Operator precedence / associativity simply tells you which operands belong to which operators. For example, the expression a = b++ can be formally interpreted as (a = b)++ and as a = (b++) . The precedence / associativity of the operators in this case simply tells you that the last interpretation is correct, and the first is incorrect (i.e. ++ is applied to b , and not to the result a = b ).

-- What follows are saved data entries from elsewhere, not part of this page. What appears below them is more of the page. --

(* Let $G$ be a strongly Deza graph with parameters $(n,k,b,a)$ having exactly four distinct eigenvalues $k,\theta_2,\theta_3,\theta_4$ with positive multiplicities $1,m_2,m_3,m_4$, where $\theta_4=-\theta_3$ and $m_3=m_4$. Then $m_2\theta_2=-k$, and one of the following holds: (i) $m_2=1$, $\theta_2=-k$, and $G$ is bipartite with spectrum consisting of $k$ (multiplicity $1$), $\sqrt{k(n-2k)/(n-2)}$ (multiplicity $(n-2)/2$), $-\sqrt{k(n-2k)/(n-2)}$ (multiplicity $(n-2)/2$), and $-k$ (multiplicity $1$); (ii) $m_2=k$, $\theta_2=-1$, and the spectrum of $G$ consists of $k$ (multiplicity $1$), $\sqrt{k}$ (multiplicity $(n-k-1)/2$), $-1$ (multiplicity $k$), and $-\sqrt{k}$ (multiplicity $(n-k-1)/2$); (iii) $m_2<k$ and $\theta_2<-1$.
   Context: All graphs are finite, simple and undirected; eigenvalues of a graph are those of its adjacency matrix. A Deza graph with parameters $(n,k,b,a)$, where $b\geqslant a$, is a $k$-regular graph on $n$ vertices, which is neither complete nor edgeless, such that any two distinct vertices have exactly $b$ or exactly $a$ common neighbours. If $b>a$, the children $G_A$ and $G_B$ of $G$ are the graphs on the vertex set of $G$ in which two distinct vertices are adjacent if and only if they have exactly $a$ (for $G_A$), respectively exactly $b$ (for $G_B$), common neighbours in $G$; if $b=a$, $G_A$ is the complete graph and $G_B$ is the edgeless graph. A strongly regular graph with parameters $(n,k,\lambda,\mu)$ is a $k$-regular graph on $n$ vertices, neither complete nor edgeless, in which any two adjacent vertices have exactly $\lambda$ common neighbours and any two distinct non-adjacent vertices have exactly $\mu$ common neighbours (disconnected examples, i.e. disjoint unions of at least two cliques of equal size, are allowed). A strongly Deza graph is a Deza graph both of whose children are strongly regular graphs. *)

theory Defs
  imports Jordan_Normal_Form.Char_Poly
begin

definition is_graph :: "nat \<Rightarrow> (nat \<Rightarrow> nat \<Rightarrow> bool) \<Rightarrow> bool" where
  "is_graph n E \<longleftrightarrow> (\<forall>x y. E x y \<longrightarrow> x < n \<and> y < n) \<and> (\<forall>x y. E x y \<longrightarrow> E y x) \<and> (\<forall>x. \<not> E x x)"

definition common_nbrs :: "nat \<Rightarrow> (nat \<Rightarrow> nat \<Rightarrow> bool) \<Rightarrow> nat \<Rightarrow> nat \<Rightarrow> nat" where
  "common_nbrs n E x y = card {z. z < n \<and> E x z \<and> E y z}"

definition regular :: "nat \<Rightarrow> (nat \<Rightarrow> nat \<Rightarrow> bool) \<Rightarrow> nat \<Rightarrow> bool" where
  "regular n E k \<longleftrightarrow> (\<forall>x < n. card {y. y < n \<and> E x y} = k)"

definition complete_graph :: "nat \<Rightarrow> (nat \<Rightarrow> nat \<Rightarrow> bool) \<Rightarrow> bool" where
  "complete_graph n E \<longleftrightarrow> (\<forall>x < n. \<forall>y < n. x \<noteq> y \<longrightarrow> E x y)"

definition edgeless :: "nat \<Rightarrow> (nat \<Rightarrow> nat \<Rightarrow> bool) \<Rightarrow> bool" where
  "edgeless n E \<longleftrightarrow> (\<forall>x < n. \<forall>y < n. \<not> E x y)"

definition deza :: "nat \<Rightarrow> (nat \<Rightarrow> nat \<Rightarrow> bool) \<Rightarrow> nat \<Rightarrow> nat \<Rightarrow> nat \<Rightarrow> bool" where
  "deza n E k b a \<longleftrightarrow> is_graph n E \<and> regular n E k \<and> b \<ge> a \<and>
     \<not> complete_graph n E \<and> \<not> edgeless n E \<and>
     (\<forall>x < n. \<forall>y < n. x \<noteq> y \<longrightarrow> common_nbrs n E x y = b \<or> common_nbrs n E x y = a)"

definition srg :: "nat \<Rightarrow> (nat \<Rightarrow> nat \<Rightarrow> bool) \<Rightarrow> nat \<Rightarrow> nat \<Rightarrow> nat \<Rightarrow> bool" where
  "srg n E k lam mu \<longleftrightarrow> is_graph n E \<and> regular n E k \<and>
     \<not> complete_graph n E \<and> \<not> edgeless n E \<and>
     (\<forall>x < n. \<forall>y < n. E x y \<longrightarrow> common_nbrs n E x y = lam) \<and>
     (\<forall>x < n. \<forall>y < n. x \<noteq> y \<longrightarrow> \<not> E x y \<longrightarrow> common_nbrs n E x y = mu)"

definition child_A :: "nat \<Rightarrow> (nat \<Rightarrow> nat \<Rightarrow> bool) \<Rightarrow> nat \<Rightarrow> nat \<Rightarrow> nat \<Rightarrow> nat \<Rightarrow> bool" where
  "child_A n E b a = (\<lambda>x y. x < n \<and> y < n \<and> x \<noteq> y \<and> (b > a \<longrightarrow> common_nbrs n E x y = a))"

definition child_B :: "nat \<Rightarrow> (nat \<Rightarrow> nat \<Rightarrow> bool) \<Rightarrow> nat \<Rightarrow> nat \<Rightarrow> nat \<Rightarrow> nat \<Rightarrow> bool" where
  "child_B n E b a = (\<lambda>x y. x < n \<and> y < n \<and> x \<noteq> y \<and> b > a \<and> common_nbrs n E x y = b)"

definition strongly_deza :: "nat \<Rightarrow> (nat \<Rightarrow> nat \<Rightarrow> bool) \<Rightarrow> nat \<Rightarrow> nat \<Rightarrow> nat \<Rightarrow> bool" where
  "strongly_deza n E k b a \<longleftrightarrow> deza n E k b a \<and>
     (\<exists>k' l m. srg n (child_A n E b a) k' l m) \<and> (\<exists>k' l m. srg n (child_B n E b a) k' l m)"

definition adj_mat :: "nat \<Rightarrow> (nat \<Rightarrow> nat \<Rightarrow> bool) \<Rightarrow> real mat" where
  "adj_mat n E = mat n n (\<lambda>(i, j). if E i j then 1 else 0)"

definition eig_mult :: "real mat \<Rightarrow> real \<Rightarrow> nat" where
  "eig_mult A x = order x (char_poly A)"

definition bipartite :: "nat \<Rightarrow> (nat \<Rightarrow> nat \<Rightarrow> bool) \<Rightarrow> bool" where
  "bipartite n E \<longleftrightarrow> (\<exists>S. \<forall>x < n. \<forall>y < n. E x y \<longrightarrow> (x \<in> S \<longleftrightarrow> y \<notin> S))"

end

theory Submission
  imports Defs Jordan_Normal_Form.Schur_Decomposition
begin

(* Since the adjacency matrix A is real symmetric, its characteristic polynomial splits over the
   reals, and Schur triangularisation gives tr (A^j) = \<Sum> m_i \<theta>_i^j. For a k-regular graph the
   cases j = 0, 1, 2 read \<Sum> m_i = n, \<Sum> m_i \<theta>_i = 0 and \<Sum> m_i \<theta>_i^2 = nk. With \<theta>4 = -\<theta>3 and
   m3 = m4 the first moment collapses to k + m2 \<theta>2 = 0, so \<theta>2 = -k/m2 is rational; being a root
   of the monic integer polynomial det (xI - A) it is an algebraic integer, hence an integer.
   So \<theta>2 \<le> -1 and m2 \<le> k, with equality exactly when \<theta>2 = -1, and then the second moment
   forces \<theta>3^2 = k. *)

definition mat_trace :: "'a :: comm_ring_1 mat \<Rightarrow> 'a" where
  "mat_trace A = (\<Sum>i<dim_row A. A $$ (i, i))"

lemma mat_trace_mult_comm:
  assumes "A \<in> carrier_mat n n" "B \<in> carrier_mat n n"
  shows "mat_trace (A * B) = mat_trace (B * A)"
proof -
  have "mat_trace (A * B) = (\<Sum>i<n. \<Sum>j<n. A $$ (i, j) * B $$ (j, i))"
    unfolding mat_trace_def using assms by (simp add: scalar_prod_def lessThan_atLeast0)
  also have "\<dots> = (\<Sum>j<n. \<Sum>i<n. A $$ (i, j) * B $$ (j, i))" by (rule sum.swap)
  also have "\<dots> = mat_trace (B * A)"
    unfolding mat_trace_def using assms by (simp add: scalar_prod_def lessThan_atLeast0 mult.commute)
  finally show ?thesis .
qed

This again does not mean that b should be increased first. The priority / associativity of the operators, again, relates to what happens "first" and what happens "next." It just tells you that the result of the b++ expression is assigned to a . By definition, the result of b++ (postfix increment) is the original value of b . This is why a will get the original value of b , which is 1. When the variable b increases, it will be completely irrelevant until a gets the assigned b original value. The compiler is allowed to evaluate this expression in any order and increment b at any time: everything goes while a somehow gets the original value of b (and no one really cares about how this "somehow" works inside).

For example, the compiler may evaluate a = b++ as the following sequence of elementary operations

 (1) a := b (2) b := b + 1 

or he can evaluate it as follows

 (1) b := b + 1 (2) a = b - 1 

Note that in the first case, b actually increases at the end, while in the second case, b increases in the first order. But in both cases, a receives the same correct value - the original value of b , which is how it should turn out.

But I must repeat that the above two examples are given here for illustrative purposes only. In fact, expressions like a = ++b and a = b++ do not have sequence points inside, which means that from your point of view, everything in these expressions happens simultaneously. There is no “before,” “after,” “first,” “next,” or “last.” Such expressions are “atomic” in a sense that they cannot be meaningfully decomposed into a sequence of smaller steps.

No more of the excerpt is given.